- Born: September 25, 1899 LaPorte City, Iowa
- Died: July 7, 1988 (aged 88)
- Education: University of Oregon University of Iowa
- Scientific career
- Fields: Botany
- Workplaces: Willamette University Albion College Michigan State University University of Montana
- Author abbrev. (botany): Prescott

= Gerald Webber Prescott =

American botanist

Gerald Webber Prescott (September 25, 1899 – July 7, 1988) was an American botanist, phycologist, and professor.

==Career==
After serving in World War I, Prescott studied botany at the University of Oregon, earning his B.S. in 1923. He pursued an M.A. from the University of Iowa, which he received in 1926. He continued his studies at Iowa and earned his Ph.D. in 1928.

After receiving his Ph.D., Prescott served as an associate professor at Willamette University from 1928 to 1929, and at Albion College from 1929 to 1946. In 1946, he went on to become a professor of botany at Michigan State College. His areas of research included limnology and phycology. He remained there until his retirement in 1968. Much of his retirement was spent as Resident Biologist at the Flathead Lake Biological Station.

Prescott took part in the Cinchona Missions in Ecuador to help gather quinine to treat malaria in the armed forces during WWII.

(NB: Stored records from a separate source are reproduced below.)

(* Let $p\colon X\to B_1$ and $q\colon Y\to B_2$ be Boolean sets with binary meets and let $\varphi\colon X\to Y$ be a morphism of Boolean sets. Then $\varphi$ preserves binary meets if and only if the relational covering morphism $\hat\varphi\colon Y^{\ast}\to X^{\ast}$ (where $\hat\varphi(G)$ is the set of ultrafilters $H$ of $X$ with $H\subseteq\varphi^{-1}(G)$) is a partial map, i.e. $|\hat\varphi(G)|\le 1$ for every ultrafilter $G$ of $Y$.
   Context: Convention: a "Boolean algebra" means a generalized Boolean algebra (relatively complemented distributive lattice with $0$); morphisms preserve lattice operations, $0$ and relative complements. Boolean set: a presheaf of sets $p\colon X\to B$ over a Boolean algebra $B$ (pairwise disjoint $X_e$, restriction maps $x\mapsto x|^e_f$ for $e\ge f$ with $|^e_e=\mathrm{id}$, $(x|^e_f)|^f_g=x|^e_g$) with all $X_e\ne\emptyset$, such that under the order $x\le y$ iff $p(x)\le p(y)$ and $x=y|^{p(y)}_{p(x)}$ there is a least element $0$, compatible pairs ($x\wedge y$ exists and $p(x\wedge y)=p(x)\wedge p(y)$) have joins, and $p(x)=0\Rightarrow x=0$. It has binary meets if $x\wedge y$ exists for all $x,y$. A morphism of Boolean sets is $\varphi\colon X\to Y$ with a Boolean algebra morphism $\overline{\varphi}\colon B_1\to B_2$ such that $q\varphi=\overline{\varphi}p$ and $\varphi(x|^a_b)=\varphi(x)|^{\overline{\varphi}(a)}_{\overline{\varphi}(b)}$; it preserves binary meets if $\varphi(x\wedge y)=\varphi(x)\wedge\varphi(y)$. Dual étalé spaces: $X^{\ast}$ (resp. $Y^{\ast}$) is the set of ultrafilters (maximal proper non-empty down-directed upward-closed subsets) of $X$ (resp. $Y$), topologized by the basis $L(a)=\{G: a\in G\}$, projecting to the ultrafilter spaces of $B_1$, $B_2$ via $G\mapsto p(G)$ (resp. $q(G)$). The map $\hat\varphi$ has underlying map $F\mapsto\overline{\varphi}^{-1}(F)$ on ultrafilters of $B_2$. *)

theory Defs
  imports Main
begin

definition partial_order_on_rel :: "'a set \<Rightarrow> ('a \<Rightarrow> 'a \<Rightarrow> bool) \<Rightarrow> bool" where
  "partial_order_on_rel A le \<longleftrightarrow>
     (\<forall>a\<in>A. le a a) \<and>
     (\<forall>a\<in>A. \<forall>b\<in>A. le a b \<and> le b a \<longrightarrow> a = b) \<and>
     (\<forall>a\<in>A. \<forall>b\<in>A. \<forall>c\<in>A. le a b \<and> le b c \<longrightarrow> le a c)"
(* Let $k>v_1$ and let $\varphi=(x(t),y(t))$ be the $k$-jet of an element of $\Sigma_\Gamma$. For $b\ne0$, the vector $(0,bt^k)$ belongs to $T_1$ (resp. $\widetilde T$) if and only if $k+v_0\in\Lambda^2_\varphi$ (resp. $k+v_0\in\Lambda'_\varphi$).
   Context: $\mathcal O_1=\mathbb C\{t\}$, $\mathcal O_2=\mathbb C\{X,Y\}$, with maximal ideals $\mathcal M_1,\mathcal M_2$; $\varphi^*(h)=h(x(t),y(t))$; $j^k$ denotes truncation modulo $t^{k+1}$, componentwise. $\Gamma$ is the semigroup of values of a plane branch with minimal generators $v_0<v_1<\cdots<v_g$ and conductor $c$; $\Sigma_\Gamma$ is the set of Puiseux parametrizations $(t^{v_0},t^{v_1}+\sum_{v_1<i<c}a_it^i)$ (primitive, $v_0\nmid v_1$) whose semigroup of values equals $\Gamma$. $T_1=\{j^k(x'\epsilon+\varphi^*(g),\ y'\epsilon+\varphi^*(h)):\epsilon\in\mathcal M_1^2,\ g,h\in\mathcal M_2^2\}$ and $\widetilde T$ is defined the same way but with $g\in\langle X^2,Y\rangle$, $h\in\mathcal M_2^2$ (tangent spaces to the $\mathcal A_1^k$- and $\widetilde{\mathcal A}^k$-orbits). For $\omega=h\,dX+g\,dY$ put $v_\varphi(\omega)=\mathrm{ord}_t(\varphi^*(h)x'(t)+\varphi^*(g)y'(t))+1$; $\Lambda^2_\varphi=\{v_\varphi(h\,dX+g\,dY): g,h\in\mathcal M_2^2\}$ and $\Lambda'_\varphi=\{v_\varphi(h\,dX+g\,dY): g\in\langle X^2,Y\rangle,\ h\in\mathcal M_2^2\}$ (only forms with nonzero pull-back considered). *)

theory Defs
  imports "HOL-Computational_Algebra.Formal_Power_Series"
begin

text \<open>C{t}: convergent power series in one variable, modelled as complex fps with
  geometric coefficient bounds.\<close>
definition conv1 :: "complex fps \<Rightarrow> bool" where
  "conv1 f \<longleftrightarrow> (\<exists>r>0. \<exists>M. \<forall>n. norm (fps_nth f n) * (r::real) ^ n \<le> M)"

text \<open>C{X,Y}: convergent power series in two variables, given by their coefficients
  h i j (coefficient of X^i Y^j).\<close>
type_synonym series2 = "nat \<Rightarrow> nat \<Rightarrow> complex"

Prescott served as president of the Phycological Society of America in 1954, the Association for the Sciences of Limnology and Oceanography in 1965, and the American Microscopical Society in 1968.

==Legacy==
The Phycological Society of America gives out the Gerald W. Prescott Award to recognize a published book or monograph devoted to phycology, as determined by the G.W. Prescott Award Committee. The algal genus Prescottiella is named after him.